- _REQUIREMENT_
Pull out every line of the listing below where "triples" appears.

- _DATA PROVIDED_
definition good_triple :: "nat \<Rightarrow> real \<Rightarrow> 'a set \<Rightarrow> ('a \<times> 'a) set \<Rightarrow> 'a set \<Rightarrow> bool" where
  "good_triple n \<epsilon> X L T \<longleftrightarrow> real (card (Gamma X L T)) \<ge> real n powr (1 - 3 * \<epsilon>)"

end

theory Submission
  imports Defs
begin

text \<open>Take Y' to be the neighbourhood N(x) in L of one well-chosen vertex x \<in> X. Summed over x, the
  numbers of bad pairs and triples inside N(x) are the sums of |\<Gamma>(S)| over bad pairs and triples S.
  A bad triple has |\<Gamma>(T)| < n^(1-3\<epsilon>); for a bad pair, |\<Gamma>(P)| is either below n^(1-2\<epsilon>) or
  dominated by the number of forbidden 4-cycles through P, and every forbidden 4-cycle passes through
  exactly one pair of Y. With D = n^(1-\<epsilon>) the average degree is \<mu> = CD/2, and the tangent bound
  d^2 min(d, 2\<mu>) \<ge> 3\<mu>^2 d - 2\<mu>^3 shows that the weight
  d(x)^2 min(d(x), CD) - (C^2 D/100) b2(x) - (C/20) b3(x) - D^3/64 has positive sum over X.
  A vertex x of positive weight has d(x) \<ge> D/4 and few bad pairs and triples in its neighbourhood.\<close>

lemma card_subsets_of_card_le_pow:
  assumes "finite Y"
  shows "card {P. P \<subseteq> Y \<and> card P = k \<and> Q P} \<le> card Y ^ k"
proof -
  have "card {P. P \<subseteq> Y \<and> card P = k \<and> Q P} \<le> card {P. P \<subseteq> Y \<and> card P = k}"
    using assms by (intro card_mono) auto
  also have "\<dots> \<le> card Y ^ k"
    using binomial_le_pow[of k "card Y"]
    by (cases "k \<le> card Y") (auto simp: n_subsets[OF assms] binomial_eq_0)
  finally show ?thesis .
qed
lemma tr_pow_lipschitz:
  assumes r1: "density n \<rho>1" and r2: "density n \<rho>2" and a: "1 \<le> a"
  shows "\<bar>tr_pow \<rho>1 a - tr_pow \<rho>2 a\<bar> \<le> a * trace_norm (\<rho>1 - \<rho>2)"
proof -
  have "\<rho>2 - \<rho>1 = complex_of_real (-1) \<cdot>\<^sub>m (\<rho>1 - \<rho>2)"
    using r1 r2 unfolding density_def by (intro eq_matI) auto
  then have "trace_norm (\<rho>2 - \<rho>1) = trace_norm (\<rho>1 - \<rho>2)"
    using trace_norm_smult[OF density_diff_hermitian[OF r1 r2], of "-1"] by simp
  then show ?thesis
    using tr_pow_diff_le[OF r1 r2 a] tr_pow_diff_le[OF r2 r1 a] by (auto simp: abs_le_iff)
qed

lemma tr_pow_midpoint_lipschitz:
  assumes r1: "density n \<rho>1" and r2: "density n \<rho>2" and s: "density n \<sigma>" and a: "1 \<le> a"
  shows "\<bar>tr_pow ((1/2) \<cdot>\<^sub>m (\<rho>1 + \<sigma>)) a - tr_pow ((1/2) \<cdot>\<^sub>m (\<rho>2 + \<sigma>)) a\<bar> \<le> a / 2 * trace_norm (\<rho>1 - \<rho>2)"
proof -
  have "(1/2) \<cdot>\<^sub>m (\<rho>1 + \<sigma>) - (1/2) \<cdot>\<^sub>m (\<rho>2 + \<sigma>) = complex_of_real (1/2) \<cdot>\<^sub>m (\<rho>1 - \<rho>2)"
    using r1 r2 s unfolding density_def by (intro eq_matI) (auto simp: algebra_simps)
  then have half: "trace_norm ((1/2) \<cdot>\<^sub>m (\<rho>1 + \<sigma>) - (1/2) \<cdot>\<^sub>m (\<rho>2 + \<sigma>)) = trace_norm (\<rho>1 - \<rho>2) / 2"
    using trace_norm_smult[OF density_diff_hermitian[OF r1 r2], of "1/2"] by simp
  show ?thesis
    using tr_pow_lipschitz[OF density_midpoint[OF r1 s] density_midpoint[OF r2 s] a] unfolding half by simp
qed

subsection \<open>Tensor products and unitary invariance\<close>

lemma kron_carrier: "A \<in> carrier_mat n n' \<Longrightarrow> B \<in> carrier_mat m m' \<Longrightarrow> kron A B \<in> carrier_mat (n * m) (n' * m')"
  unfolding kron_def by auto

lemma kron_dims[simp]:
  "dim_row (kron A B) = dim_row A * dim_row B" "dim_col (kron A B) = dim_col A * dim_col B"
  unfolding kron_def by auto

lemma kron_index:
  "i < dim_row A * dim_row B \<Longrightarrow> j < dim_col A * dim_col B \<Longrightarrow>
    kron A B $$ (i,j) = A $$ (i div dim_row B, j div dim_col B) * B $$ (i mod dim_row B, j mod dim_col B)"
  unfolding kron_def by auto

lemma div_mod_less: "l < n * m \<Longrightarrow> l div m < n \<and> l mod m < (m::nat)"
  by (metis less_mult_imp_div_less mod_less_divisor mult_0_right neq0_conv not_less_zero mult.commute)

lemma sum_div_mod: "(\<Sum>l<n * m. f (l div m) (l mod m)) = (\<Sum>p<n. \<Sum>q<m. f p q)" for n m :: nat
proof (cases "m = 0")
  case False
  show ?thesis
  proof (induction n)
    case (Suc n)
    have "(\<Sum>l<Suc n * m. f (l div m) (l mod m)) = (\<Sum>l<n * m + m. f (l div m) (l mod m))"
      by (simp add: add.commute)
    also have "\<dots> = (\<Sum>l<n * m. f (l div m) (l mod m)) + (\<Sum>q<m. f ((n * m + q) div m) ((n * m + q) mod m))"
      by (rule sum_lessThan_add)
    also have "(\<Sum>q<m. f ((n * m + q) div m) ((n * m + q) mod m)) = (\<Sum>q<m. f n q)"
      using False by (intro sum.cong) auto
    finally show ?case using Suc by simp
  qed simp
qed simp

- _REPLY TO THE EXERCISE_
  numbers of bad pairs and triples inside N(x) are the sums of |\<Gamma>(S)| over bad pairs and triples S.
  A vertex x of positive weight has d(x) \<ge> D/4 and few bad pairs and triples in its neighbourhood.\<close>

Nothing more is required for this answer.